Purified endogenous WT-actin and F-Y/Y-actin polymerized at essentially the same rate, indicating that the FLAG tag had no effect on polymerization (Fig. 1C). However, F-Y/A-actin polymerized substantially more slowly with no significant polymerization at 40 min, by which time polymerization of WT-actin and F-Y/Y-actin was complete (Fig. 1C). Polymerization of all of the actins reached steady state by 24 h allowing determination of their critical concentrations. The critical concentrations of both WT-actin and F-Y/Y-actin were ~0.2 μm (Fig. 1D), i.e. the N-terminal FLAG tag had no detectable effect on critical concentration, but the critical concentration of F-Y/A-actin was substantially higher, ~1.2 μm (Fig. 1D). Interestingly, F-Y/A-actin copolymerized with WT-actin; the amount of polymer formed by a mixture of 1.5 μm F-Y/A-actin and 4.5 μm WT-actin was greater than the sum of the polymer formed when the two actins were polymerized separately (Fig. 1E). Negative staining electron microscopy revealed no difference between filaments of F-Y/Y-actin and endogenous WT-actin, but polymerized F-Y/A-actin formed only small aggregates and a few unstable filaments (Fig. 2). Importantly, copolymerization of a 1:3 mixture of F-Y/A-actin and WT-actin (their approximate ratios in cells expressing F-Y/A-actin) formed a mixture of short, irregular filaments and some small aggregates (Fig. 2).

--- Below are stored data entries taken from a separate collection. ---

text \<open>For \<alpha> = pi/4 and Z_(j+1) = T_(j+1) the turn bound degenerates. Then the previous
  bounds leave the algorithm no choice but to sit at the apex with zero slack.\<close>

lemma lag_Suc_degenerate:
  assumes J: "Suc j < fail_round" and cur: "lag j" and prev: "j = 0 \<or> lag_prev_dir j"
    and tau: "\<tau> = 1" and zeta: "zeta (Suc j) = 0"
  shows "lag (Suc j)"
proof -
  define \<sigma> :: real where "\<sigma> = (-1)^(Suc j)"
  define A A' B' where "A = rise_above j" and "A' = rise_above (j - 1)" and "B' = rise_below j"
  define U1 U2 where "U1 = Hx j - Px j" and "U2 = Hy j - Py j"
  define dx dy where "dx = Px (Suc j) - fst (T \<alpha> s (Suc j))" and "dy = Py (Suc j) - snd (T \<alpha> s (Suc j))"
  have A: "0 < A" and A': "0 < A'" and B': "0 \<le> B'"
    unfolding A_def A'_def B'_def by (simp_all add: rise_above_pos rise_below_nonneg)
  have below: "rise_below (Suc j) = 0" unfolding rise_below_def zeta by simp
  have Dj: "Dx j = -\<sigma>*A" "Dy j = A" unfolding Dx_eq Dy_eq \<sigma>_def A_def below tau by simp_all
  have H: "Hx (Suc j) = fst (T \<alpha> s (Suc j))" "Hy (Suc j) = snd (T \<alpha> s (Suc j))"
    unfolding Hx_def Hy_def below by simp_all
  have cone: "\<bar>dx\<bar> \<le> dy" unfolding dx_def dy_def using pos_in_apex_cone[of "Suc j"] tau by simp
  have lag_j: "sqrt ((-\<sigma>*A)\<^sup>2 + A\<^sup>2) * slack j \<le> -\<sigma>*A*U1 + A*U2"
    using cur unfolding lag_def dlen_def Dj U1_def U2_def by simp
  have "Px (Suc j) - Px j = dx - \<sigma>*A + U1" and "Py (Suc j) - Py j = dy + A + U2"
    using Dj H unfolding Dx_def Dy_def dx_def dy_def U1_def U2_def by simp_all
  then have "edist (pos j) (pos (Suc j)) = sqrt ((dx - \<sigma>*A + U1)\<^sup>2 + (dy + A + U2)\<^sup>2)"
    unfolding edist_pos_Suc by simp
  moreover have "\<rho> * (o_cost \<alpha> s (Suc j) - o_cost \<alpha> s j) = sqrt ((-\<sigma>*A)\<^sup>2 + A\<^sup>2)"
    using budget_eq_dlen[of "Suc j"] J unfolding budget_def dlen_def by (simp add: Dj)
  ultimately have step: "slack (Suc j) = slack j + sqrt ((-\<sigma>*A)\<^sup>2 + A\<^sup>2)
      - sqrt ((dx - \<sigma>*A + U1)\<^sup>2 + (dy + A + U2)\<^sup>2)"
    using slack_Suc[of j] by simp
  have "(U1 = 0 \<and> U2 = 0)
      \<or> sqrt ((\<sigma>*(A' - B'))\<^sup>2 + (A' + B')\<^sup>2) * slack j \<le> \<sigma>*(A' - B')*U1 + (A' + B')*U2"
  proof (cases "j = 0")
    case False
    then have j: "Suc (j - 1) = j" by simp
    have "Dx (j - 1) = \<sigma>*(A' - B')" "Dy (j - 1) = A' + B'"
      unfolding Dx_eq Dy_eq j \<sigma>_def A'_def B'_def tau by (simp_all add: algebra_simps)
    then show ?thesis
      using lag_prev_dir_in_domain[of j] False J prev unfolding dlen_def U1_def U2_def by simp
  qed (simp add: hedge_0_eq_pos_0 U1_def U2_def)
  then have "dx = 0 \<and> dy = 0 \<and> slack (Suc j) = 0"
    using lag_bound_forces_apex[OF neg_one_power_cases A A' B' cone slack_nonneg slack_nonneg]
      lag_j step unfolding \<sigma>_def by blast
  then show ?thesis unfolding lag_def H dx_def dy_def by simp
qed

lemma lag_before_fail_round: "j < fail_round \<Longrightarrow> lag j \<and> (j = 0 \<or> lag_prev_dir j)"
proof (induction j)
  case 0
  then show ?case using lag_0 by simp
next
  case (Suc j)
  then have "lag j" and prev: "j = 0 \<or> lag_prev_dir j" by simp_all
  from \<open>lag j\<close> have "lag_prev_dir (Suc j)" by (rule lag_prev_dir_Suc)
  have "lag (Suc j)"
  proof (cases "\<tau> < 1 \<or> 0 < zeta (Suc j)")
    case True
    then show ?thesis using lag_Suc_regular Suc.prems \<open>lag_prev_dir (Suc j)\<close> by blast
  next
    case False
    then have "\<tau> = 1" and "zeta (Suc j) = 0" using tau_le_1 zeta_nonneg[of "Suc j"] by simp_all
    then show ?thesis using lag_Suc_degenerate Suc.prems \<open>lag j\<close> prev by blast
  qed
  then show ?case using \<open>lag_prev_dir (Suc j)\<close> by simp
qed

lemma last_move_into_apex_cone:
  assumes k: "fail_round = Suc i"
  shows "Dx i * (Hx (Suc i) - Px (Suc i)) + Dy i * (Hy (Suc i) - Py (Suc i)) \<le> 0"
proof -
  define A where "A = rise_above i"
  define dx dy where "dx = Px (Suc i) - fst (T \<alpha> s (Suc i))" and "dy = Py (Suc i) - snd (T \<alpha> s (Suc i))"
  have A: "0 < A" unfolding A_def by (rule rise_above_pos)
  have cone: "\<bar>dx\<bar> \<le> \<tau> * dy" unfolding dx_def dy_def using pos_in_apex_cone[of "Suc i"] by simp
  then have "0 \<le> \<tau> * dy" by (rule order_trans[OF abs_ge_zero])
  then have dy: "0 \<le> dy" using tau_pos by (simp add: zero_le_mult_iff)
  have "\<bar>(-1)^i * \<tau> * dx\<bar> = \<tau> * \<bar>dx\<bar>" using tau_pos by (simp add: abs_mult power_abs)
  also have "\<dots> \<le> \<tau> * (\<tau> * dy)" using cone tau_pos by (simp add: mult_left_mono)
  also have "\<dots> \<le> 1 * dy"
    unfolding mult.assoc[symmetric] using tau_pos tau_le_1 dy by (intro mult_right_mono mult_le_one) auto
  finally have "0 \<le> (-1)^i * \<tau> * dx + dy" by (simp add: abs_le_iff)
  moreover have "Dx i * (Hx (Suc i) - Px (Suc i)) + Dy i * (Hy (Suc i) - Py (Suc i))
      = - A * ((-1)^i * \<tau> * dx + dy)"
    using H_fail_round rise_below_fail_round unfolding k Dx_eq Dy_eq A_def dx_def dy_def
    by (simp add: algebra_simps)
  ultimately show ?thesis using A by simp
qed

lemma not_competitive: False
proof -
  obtain i where k: "fail_round = Suc i" using one_le_fail_round by (cases fail_round) auto
  then have "lag_prev_dir (Suc i)" using lag_before_fail_round[of i] lag_prev_dir_Suc by simp
  have "\<bar>Dy i\<bar> \<le> dlen i" unfolding dlen_def by (rule real_sqrt_ge_abs2)
  then have dlen: "0 < dlen i"
    using rise_above_pos[of i] rise_below_fail_round unfolding k Dy_eq by simp
  moreover have "budget (Suc i) < dlen i" using budget_fail_round_less unfolding k by simp
  ultimately have "dlen i * (budget (Suc i) - dlen i) < 0" by (simp add: mult_pos_neg)
  then have "dlen i * slack (Suc i) < 0"
    using \<open>lag_prev_dir (Suc i)\<close> last_move_into_apex_cone[OF k] unfolding lag_prev_dir_def by simp
  moreover have "0 \<le> dlen i * slack (Suc i)" using slack_nonneg dlen by simp
  ultimately show False by simp
qed

end

theorem lemma14:
  fixes \<alpha> s \<rho> :: real
  assumes "0 < \<alpha>" and "\<alpha> \<le> pi / 4" and "s > 1" and "\<rho> > 0"
    and "mh_valid \<alpha> s \<rho>"
    and "mh_fails \<alpha> s \<rho>"
  shows "\<forall>A. online_alg \<alpha> A \<longrightarrow> comp_ratio \<alpha> A > ereal \<rho>"
proof (intro allI impI)
  fix A
  assume online: "online_alg \<alpha> A"
  show "comp_ratio \<alpha> A > ereal \<rho>"
  proof (rule ccontr)
    assume "\<not> comp_ratio \<alpha> A > ereal \<rho>"
    then have "comp_ratio \<alpha> A \<le> ereal \<rho>" by simp
    then interpret maxhedge_adversary \<alpha> s \<rho> A
      using assms online by unfold_locales auto
    show False by (rule not_competitive)
  qed
qed

end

The FLAG tag impaired the ability of the expressed actins to activate the MgATPase activity of myosin S1 (compare F-Y/Y to WT, Fig. 1F), and the Y53A mutation was additionally inhibitory (compare F-Y/A-actin to F-Y/Y, Fig. 1F). However, the activation of myosin ATPase by copolymers of 25% F-Y/A-actin or F-Y/Y-actin and 75% WT-actin (similar to the ratios of the FLAG-actins to WT-actin in the transformed cells) were essentially indistinguishable, although still lower than the activity of WT-actin (Fig. 1G); the two copolymers had the same Vmax as 100% WT-actin but about twice the Km of WT-actin (Table 1). Thus, the FLAG tag appears to reduce the affinity of actin for myosin, as reflected by the higher Km values of the copolymers, but the additional inhibition by the Y/A mutation is reversed when F-Y/A-actin is copolymerized with WT-actin (Fig. 1G and Table 1).
In contrast to their different activations of myosin ATPase activity, the velocities of F-Y/A-actin and F-Y/Y-actin in the in vitro motility assay were very similar to WT-actin (Table 1). The presence of phalloidin in the in vitro motility assay probably converted the aggregates and fragmented filaments of polymerized Y/A-actin into more “normal” filaments, accounting for their greater activity in the motility assay than in the ATPase assay, as was shown previously for the mutant and wild-type actins without a FLAG tag (20). However, as in the myosin ATPase assays, the FLAG-tagged actins had a reduced affinity for myosin in the in vitro motility assays resulting in fewer filaments binding to the myosin (Table 1).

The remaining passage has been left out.